MATERIAL FOR THIS EXERCISE: Begin
(* Let $n\ge1$, let $a_0,a_1,\dots,a_n>0$, and for $1\le k\le n$ let $\psi_k$ be an even probability density function on $\mathbb{R}$ vanishing outside $[-1,1]$ whose (essential) support is exactly $[-1,1]$, with characteristic function $\varphi_k(z)=\int_{-1}^{1}\psi_k(x)\cos(zx)\,dx$. Consider the improper integral \[ I=\lim_{R\to\infty}\int_0^R\operatorname{sinc}(a_0z)\prod_{k=1}^{n}\varphi_k(a_kz)\,dz . \] If $a_0>a_1+\cdots+a_n$, then $I=\dfrac{\pi}{2a_0}$, whereas if $a_0<a_1+\cdots+a_n$, then $I<\dfrac{\pi}{2a_0}$.
   Context: $\operatorname{sinc}(x)=\sin(x)/x$ for $x\neq0$ and $\operatorname{sinc}(0)=1$. Example: for $\nu\ge-\tfrac12$, the normalized Bessel function $2^{\nu}\Gamma(\nu+1)J_\nu(z)/z^\nu$ is the characteristic function of the symmetric beta density $\frac{\Gamma(\nu+1)}{\sqrt\pi\,\Gamma(\nu+\frac12)}(1-x^2)^{\nu-\frac12}\mathbf 1_{[-1,1]}(x)$; with $\nu=0$ this gives $J_0$. *)

theory Defs
  imports "HOL-Analysis.Analysis"
begin

definition sinc :: "real \<Rightarrow> real" where
  "sinc x = (if x = 0 then 1 else sin x / x)"

definition prob_density :: "(real \<Rightarrow> real) \<Rightarrow> bool" where
  "prob_density f \<longleftrightarrow> f \<in> borel_measurable lborel \<and> (\<forall>x. 0 \<le> f x)
     \<and> integrable lborel f \<and> integral\<^sup>L lborel f = 1"

text \<open>Even, vanishing (almost everywhere) outside [-1,1], with essential support
  exactly [-1,1]: every point of [-1,1] has every neighbourhood on which f is not a.e. zero.\<close>
definition admissible_density :: "(real \<Rightarrow> real) \<Rightarrow> bool" where
  "admissible_density f \<longleftrightarrow> prob_density f \<and> (\<forall>x. f (-x) = f x)
     \<and> (AE x in lborel. \<bar>x\<bar> > 1 \<longrightarrow> f x = 0)
     \<and> (\<forall>x\<in>{-1..1}. \<forall>e>0. emeasure lborel {y \<in> ball x e. f y \<noteq> 0} > 0)"

definition charfun_dens :: "(real \<Rightarrow> real) \<Rightarrow> real \<Rightarrow> real" where
  "charfun_dens f z = (LBINT x=-1..1. f x * cos (z * x))"

definition partial_int :: "real \<Rightarrow> (nat \<Rightarrow> real) \<Rightarrow> (nat \<Rightarrow> real \<Rightarrow> real) \<Rightarrow> nat \<Rightarrow> real \<Rightarrow> real" where
  "partial_int a0 a \<psi> n R =
     (LBINT z=0..R. sinc (a0 * z) * (\<Prod>k\<in>{1..n}. charfun_dens (\<psi> k) (a k * z)))"

end

theory Submission
  imports Defs "HOL-Probability.Sinc_Integral"
begin

text \<open>
  Let \<open>\<mu>\<close> be the law of \<open>a\<^sub>1X\<^sub>1 + \<dots> + a\<^sub>nX\<^sub>n\<close> for independent \<open>X\<^sub>k\<close> with densities \<open>\<psi>\<^sub>k\<close>.
  Since the \<open>\<psi>\<^sub>k\<close> are even, \<open>\<Prod>\<^sub>k \<phi>\<^sub>k(a\<^sub>kz) = \<integral> cos(zs) d\<mu>(s)\<close>, and by Fubini the
  truncated integral becomes \<open>\<integral> (\<integral>\<^sub>0\<^sup>R sinc(a\<^sub>0z) cos(zs) dz) d\<mu>(s)\<close>. The inner integral is a
  combination of sine integrals, hence uniformly bounded, and tends to \<open>\<pi>/(2a\<^sub>0)\<close>,
  \<open>\<pi>/(4a\<^sub>0)\<close> or \<open>0\<close> according as \<open>|s| < a\<^sub>0\<close>, \<open>|s| = a\<^sub>0\<close> or \<open>|s| > a\<^sub>0\<close>; dominated
  convergence gives the limit as a \<open>\<mu>\<close>-integral of this step function. Now \<open>\<mu>\<close> is carried by
  \<open>[-\<Sigma>a\<^sub>k, \<Sigma>a\<^sub>k]\<close>, giving \<open>\<pi>/(2a\<^sub>0)\<close> when \<open>a\<^sub>0 > \<Sigma>a\<^sub>k\<close>, and, because every \<open>\<psi>\<^sub>k\<close> has
  support reaching \<open>1\<close>, \<open>\<mu>\<close> charges \<open>(a\<^sub>0, \<infinity>)\<close> when \<open>a\<^sub>0 < \<Sigma>a\<^sub>k\<close>, where the step function
  vanishes; this makes the limit strictly smaller.
\<close>

lemma lborel_integral_odd:
  fixes g :: "real \<Rightarrow> real"
  assumes "\<And>x. g (- x) = - g x"
  shows "integral\<^sup>L lborel g = 0"
proof -
  have "integral\<^sup>L lborel g = \<bar>-1\<bar> *\<^sub>R (\<integral>x. g (0 + -1 * x) \<partial>lborel)"
    by (rule lborel_integral_real_affine) simp
  also have "\<dots> = - integral\<^sup>L lborel g"
    using assms by simp
  finally show ?thesis by simp
qed
text \<open>Since the vertices are ordered by real part, a segment \<open>[z i, z j]\<close> with \<open>i < j\<close> can only
meet the cuts at the intermediate vertices \<open>z m\<close>, \<open>i < m < j\<close>, and it avoids such a cut iff the
segment passes above \<open>z m\<close> when the cut points up and below it when the cut points down.
Put the first \<open>n\<close> vertices on the convex parabola \<open>y = x\<^sup>2\<close> with downward cuts: then all
\<open>n choose 2\<close> segments among them are short geodesics.  The vertex \<open>z (n+1)\<close> is placed at height
\<open>n\<^sup>2 + n + t + 1/2\<close>, where it sees exactly \<open>z 1, \<dots>, z t\<close> and \<open>z n\<close>; the remaining vertices
have upward cuts and at least double in height at each step, so each of them sees only its
predecessor.  This gives
\<open>(n choose 2) + (t + 1) + (d - n - 1)\<close> short geodesics, and these numbers exhaust
\<open>{d - 1 .. d choose 2}\<close> for \<open>1 \<le> n < d\<close>, \<open>t < n\<close>.\<close>

definition chord :: "complex \<Rightarrow> complex \<Rightarrow> real \<Rightarrow> real" where
  "chord a b x = Im a + (Im b - Im a) * (x - Re a) / (Re b - Re a)"

lemma closed_segment_Im_eq_chord:
  assumes "w \<in> closed_segment a b" "Re a < Re b"
  shows "Im w = chord a b (Re w)" "Re a \<le> Re w" "Re w \<le> Re b"
proof -
  obtain u where u: "0 \<le> u" "u \<le> 1" "w = (1 - u) *\<^sub>R a + u *\<^sub>R b"
    using assms(1) unfolding closed_segment_def by auto
  have re: "Re w = Re a + u * (Re b - Re a)" and im: "Im w = Im a + u * (Im b - Im a)"
    by (simp_all add: u(3) algebra_simps)
  have "u = (Re w - Re a) / (Re b - Re a)"
    using re assms(2) by (simp add: field_simps)
  then show "Im w = chord a b (Re w)"
    using im by (simp add: chord_def)
  have "0 \<le> u * (Re b - Re a)" "u * (Re b - Re a) \<le> Re b - Re a"
    using u assms(2) by (simp_all add: mult_left_le_one_le)
  then show "Re a \<le> Re w" "Re w \<le> Re b"
    unfolding re by linarith+
qed

lemma Complex_chord_in_closed_segment:
  assumes "Re a < x" "x < Re b"
  shows "Complex x (chord a b x) \<in> closed_segment a b"
proof -
  define u where "u = (x - Re a) / (Re b - Re a)"
  have u: "0 \<le> u" "u \<le> 1"
    using assms by (auto simp: u_def field_simps)
  have "u * (Re b - Re a) = x - Re a" "chord a b x = Im a + u * (Im b - Im a)"
    using assms by (simp_all add: u_def chord_def)
  then have "Complex x (chord a b x) = (1 - u) *\<^sub>R a + u *\<^sub>R b"
    by (simp add: complex_eq_iff algebra_simps)
  then show ?thesis
    using u unfolding closed_segment_def by blast
qed

lemma mem_cut_iff:
  "w \<in> cut z up m \<longleftrightarrow>
     Re w = Re (z m) \<and> (if up m then Im (z m) \<le> Im w else Im w \<le> Im (z m))"
  unfolding cut_def by (cases w) auto

lemma short_geodesic_commute: "short_geodesic d z up i j = short_geodesic d z up j i"
  unfolding short_geodesic_def by (auto simp: closed_segment_commute insert_commute)
lemma kpar3_exists:
  assumes "c < n" and "K (n - 1)"
  shows "\<exists>t. kpar 3 t \<and> leaves t = n - c \<and> tdiags c t \<subseteq> kpar3_diags K N n c"
  using assms(1)
proof (induction "n - c" arbitrary: c rule: less_induct)
  case less
  show ?case
  proof (cases "c = n - 1")
    case True
    then show ?thesis using less.prems by (intro exI[of _ Leaf]) simp
  next
    case False
    define S where "S = {v. c < v \<and> v < n \<and> K v}"
    have "finite S" "n - 1 \<in> S"
      unfolding S_def using less.prems False assms(2) by auto
    define k where "k = Min S"
    have k_min: "k \<le> v" if "v \<in> S" for v
      using Min_le \<open>finite S\<close> that unfolding k_def by blast
    have "k \<in> S"
      using Min_in \<open>finite S\<close> \<open>n - 1 \<in> S\<close> unfolding k_def by blast
    then have "c < k" "k < n" "K k"
      unfolding S_def by auto
    have "n - k < n - c"
      using \<open>c < k\<close> \<open>k < n\<close> by simp
    then obtain r where r: "kpar 3 r" "leaves r = n - k" "tdiags k r \<subseteq> kpar3_diags K N n k"
      using less.hyps \<open>k < n\<close> by blast
    obtain l where l: "kpar 2 l" "leaves l = k - c" "tdiags c l \<subseteq> kpar2_diags N c k"
      using kpar2_exists \<open>c < k\<close> by blast
    have "\<not> K v" if "c < v" "v < k" for v
      using k_min[of v] that \<open>k < n\<close> unfolding S_def by auto
    then have "kpar2_diags N c k \<subseteq> kpar3_diags K N n c"
      using \<open>c < k\<close> \<open>k < n\<close> \<open>K k\<close> by (simp add: kpar3_diags_blockI)
    moreover have "{c, n} \<in> kpar3_diags K N n c"
      using less.prems by (simp add: kpar3_diags_fanI)
    ultimately have "tdiags c (Node l r) \<subseteq> kpar3_diags K N n c"
      using l r kpar3_diags_mono[of c k K N n] \<open>c < k\<close> \<open>k < n\<close> \<open>K k\<close> by auto
    moreover have "kpar 3 (Node l r)" "leaves (Node l r) = n - c"
      using l r \<open>c < k\<close> \<open>k < n\<close> by simp_all
    ultimately show ?thesis by blast
  qed
qed

lemma doubleton_eq_ordered:
  fixes i j p q :: "'a :: linorder"
  assumes "i < j" and "p < q"
  shows "{i, j} = {p, q} \<longleftrightarrow> i = p \<and> j = q"
  using assms by (auto simp: doubleton_eq_iff)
MATERIAL FOR THIS EXERCISE: End
## EXERCISE DIRECTIONS:
Your answer should be every line above that contains the word "with".

## RESULT:
(* Let $n\ge1$, let $a_0,a_1,\dots,a_n>0$, and for $1\le k\le n$ let $\psi_k$ be an even probability density function on $\mathbb{R}$ vanishing outside $[-1,1]$ whose (essential) support is exactly $[-1,1]$, with characteristic function $\varphi_k(z)=\int_{-1}^{1}\psi_k(x)\cos(zx)\,dx$. Consider the improper integral \[ I=\lim_{R\to\infty}\int_0^R\operatorname{sinc}(a_0z)\prod_{k=1}^{n}\varphi_k(a_kz)\,dz . \] If $a_0>a_1+\cdots+a_n$, then $I=\dfrac{\pi}{2a_0}$, whereas if $a_0<a_1+\cdots+a_n$, then $I<\dfrac{\pi}{2a_0}$.
   Context: $\operatorname{sinc}(x)=\sin(x)/x$ for $x\neq0$ and $\operatorname{sinc}(0)=1$. Example: for $\nu\ge-\tfrac12$, the normalized Bessel function $2^{\nu}\Gamma(\nu+1)J_\nu(z)/z^\nu$ is the characteristic function of the symmetric beta density $\frac{\Gamma(\nu+1)}{\sqrt\pi\,\Gamma(\nu+\frac12)}(1-x^2)^{\nu-\frac12}\mathbf 1_{[-1,1]}(x)$; with $\nu=0$ this gives $J_0$. *)
text \<open>Even, vanishing (almost everywhere) outside [-1,1], with essential support
  Let \<open>\<mu>\<close> be the law of \<open>a\<^sub>1X\<^sub>1 + \<dots> + a\<^sub>nX\<^sub>n\<close> for independent \<open>X\<^sub>k\<close> with densities \<open>\<psi>\<^sub>k\<close>.
text \<open>Since the vertices are ordered by real part, a segment \<open>[z i, z j]\<close> with \<open>i < j\<close> can only
Put the first \<open>n\<close> vertices on the convex parabola \<open>y = x\<^sup>2\<close> with downward cuts: then all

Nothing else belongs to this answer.